(* Let $k\ge 6$ be an even integer. Then for every integer $n\ge 0$, $$p_{S_k}(n)=(-1)^n\sum_{\substack{c\in\mathcal C_{P_k}\\ |c|=n}}(-1)^{\ell(c)}.$$
   Context: A composition is an ordered finite sequence of positive integers (including the empty one); $|c|$ is the sum of parts and $\ell(c)$ the number of parts; $\mathcal C_T$ is the set of compositions all of whose parts lie in $T$. For $k\ge3$, $P_k:=\{\,m((k-2)m\pm(k-4))/2 : m\in\mathbb N\,\}$ (the positive extended $k$-gonal numbers). For $k\ge5$, $S_k:=\{n\in\mathbb N: n\equiv 0,1,-1 \pmod{k-2}\}$. For $S\subseteq\mathbb N$, $p_S(n)$ is the number of partitions of $n$ all of whose parts lie in $S$ (with $p_S(0)=1$). *)

theory Defs
  imports Main "HOL-Library.Multiset"
begin

definition compositions :: "nat set \<Rightarrow> nat \<Rightarrow> nat list set" where
  "compositions T n = {c. (\<forall>x\<in>set c. x > 0 \<and> x \<in> T) \<and> sum_list c = n}"

definition gonal :: "nat \<Rightarrow> nat set" where
  "gonal k = {n. n > 0 \<and> (\<exists>m::nat. m \<ge> 1 \<and>
      (2 * int n = int m * ((int k - 2) * int m + (int k - 4)) \<or>
       2 * int n = int m * ((int k - 2) * int m - (int k - 4))))}"

definition Sset :: "nat \<Rightarrow> nat set" where
  "Sset k = {n. n > 0 \<and> (n mod (k - 2) = 0 \<or> n mod (k - 2) = 1
                          \<or> (n + 1) mod (k - 2) = 0)}"

definition part_count :: "nat set \<Rightarrow> nat \<Rightarrow> nat" where
  "part_count S n = card {M :: nat multiset. (\<forall>x\<in>#M. x > 0 \<and> x \<in> S) \<and> sum_mset M = n}"

end

theory Submission
  imports Defs "HOL-Computational_Algebra.Formal_Power_Series"
begin

text \<open>Put r = k - 2 and t(m) = r m(m-1)/2 + m for integers m; the values t(m) with m \<noteq> 0 are
  the extended k-gonal numbers. Both sides of the identity have generating functions inverse to
  D(x) = \<Sum>_m (-1)^t(m) x^t(m). For compositions this is the first-part recursion, read at -x.
  For partitions, the Jacobi triple product with q = x^r and z = -x gives
  \<Prod>_(j\<ge>0) (1 - x^(rj+1)) (1 - x^(rj+r-1)) (1 - x^(rj+r)) = \<Sum>_m (-1)^m x^t(m),
  which is D(x) because t(m) and m have the same parity when r is even, and the exponents on
  the left are exactly the elements of S_k. The triple product is only needed modulo x^(N+1):
  Cauchy's q-binomial theorem expands \<Prod>_(j<2N) (x^(rN) - x^(rj+1)) with Gaussian coefficients
  in q = x^r, and after multiplication by (q;q)_N each of these becomes 1 modulo a power of x
  high enough for the terms that matter.\<close>

section \<open>Polygonal numbers\<close>

text \<open>For r = k - 2 this is m((k-2)m - (k-4))/2, and its value at -m is m((k-2)m + (k-4))/2.\<close>

definition polygonal :: "int \<Rightarrow> int \<Rightarrow> int" where
  "polygonal r m = r * (m * (m - 1) div 2) + m"

lemma double_polygonal: "2 * polygonal r m = m * (r * m - (r - 2))"
proof -
  have "2 * (m * (m - 1) div 2) = m * (m - 1)" by simp
  then show ?thesis unfolding polygonal_def by (simp add: algebra_simps)
qed

lemma abs_le_polygonal:
  assumes "2 \<le> r" shows "\<bar>m\<bar> \<le> polygonal r m"
proof (cases "0 \<le> m")
  case True
  then have "0 \<le> m * (m - 1)" by (cases "m = 0") auto
  then show ?thesis using True assms unfolding polygonal_def by simp
next
  case False
  define j where "j = - m"
  have "r * 1 \<le> r * j" using False assms unfolding j_def by (intro mult_left_mono) auto
  then have "j * 2 \<le> j * (r * j + (r - 2))" using False assms unfolding j_def
    by (intro mult_left_mono) auto
  also have "\<dots> = 2 * polygonal r m" unfolding double_polygonal j_def by (simp add: algebra_simps)
  finally show ?thesis using False unfolding j_def by simp
qed

lemma inj_polygonal:
  assumes "3 \<le> r" shows "inj (polygonal r)"
proof
  fix m m' assume eq: "polygonal r m = polygonal r m'"
  have "(m - m') * (r * (m + m' - 1) + 2) = 2 * polygonal r m - 2 * polygonal r m'"
    unfolding double_polygonal by (simp add: algebra_simps)
  then have "m = m' \<or> r * (m + m' - 1) + 2 = 0" using eq by simp
  moreover have "r * (m + m' - 1) + 2 \<noteq> 0"
  proof
    assume "r * (m + m' - 1) + 2 = 0"
    then have "r * (m + m' - 1) = - 2" by linarith
    then have "r dvd 2" by (metis dvd_minus_iff dvd_triv_left)
    then show False using assms zdvd_imp_le by fastforce
  qed
  ultimately show "m = m'" by blast
qed

lemma even_polygonal_iff: "even r \<Longrightarrow> even (polygonal r m) \<longleftrightarrow> even m"
  unfolding polygonal_def by auto

lemma gonal_eq_polygonal: "gonal k = {d. 0 < d \<and> int d \<in> range (polygonal (int k - 2))}"
proof (intro equalityI subsetI; clarsimp)
  fix d assume "d \<in> gonal k"
  then obtain m :: nat where "0 < d"
    "2 * int d = int m * ((int k - 2) * int m + (int k - 4)) \<or>
     2 * int d = int m * ((int k - 2) * int m - (int k - 4))"
    unfolding gonal_def by auto
  then have "2 * int d = 2 * polygonal (int k - 2) (- int m) \<or> 2 * int d = 2 * polygonal (int k - 2) (int m)"
    unfolding double_polygonal by (auto simp: algebra_simps)
  then show "0 < d \<and> int d \<in> range (polygonal (int k - 2))" using \<open>0 < d\<close> by auto
next
  fix d m assume d: "0 < d" "int d = polygonal (int k - 2) m"
  then have "m \<noteq> 0" by (auto simp: polygonal_def)
  define j where "j = nat \<bar>m\<bar>"
  have j: "1 \<le> j" "int j = \<bar>m\<bar>" using \<open>m \<noteq> 0\<close> unfolding j_def by auto
  have "2 * int d = int j * ((int k - 2) * int j + (int k - 4)) \<or>
        2 * int d = int j * ((int k - 2) * int j - (int k - 4))"
    using d(2) double_polygonal[of "int k - 2" m] j(2) by (cases "0 < m") (simp_all add: algebra_simps)
  then show "d \<in> gonal k" unfolding gonal_def using d j by blast
qed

__________________________________________________

_Your instructions_
Where the string "lemma" shows up in the listing above, copy the line that holds it.

_Expected answer_
lemma double_polygonal: "2 * polygonal r m = m * (r * m - (r - 2))"
lemma abs_le_polygonal:
lemma inj_polygonal:
lemma even_polygonal_iff: "even r \<Longrightarrow> even (polygonal r m) \<longleftrightarrow> even m"
lemma gonal_eq_polygonal: "gonal k = {d. 0 < d \<and> int d \<in> range (polygonal (int k - 2))}"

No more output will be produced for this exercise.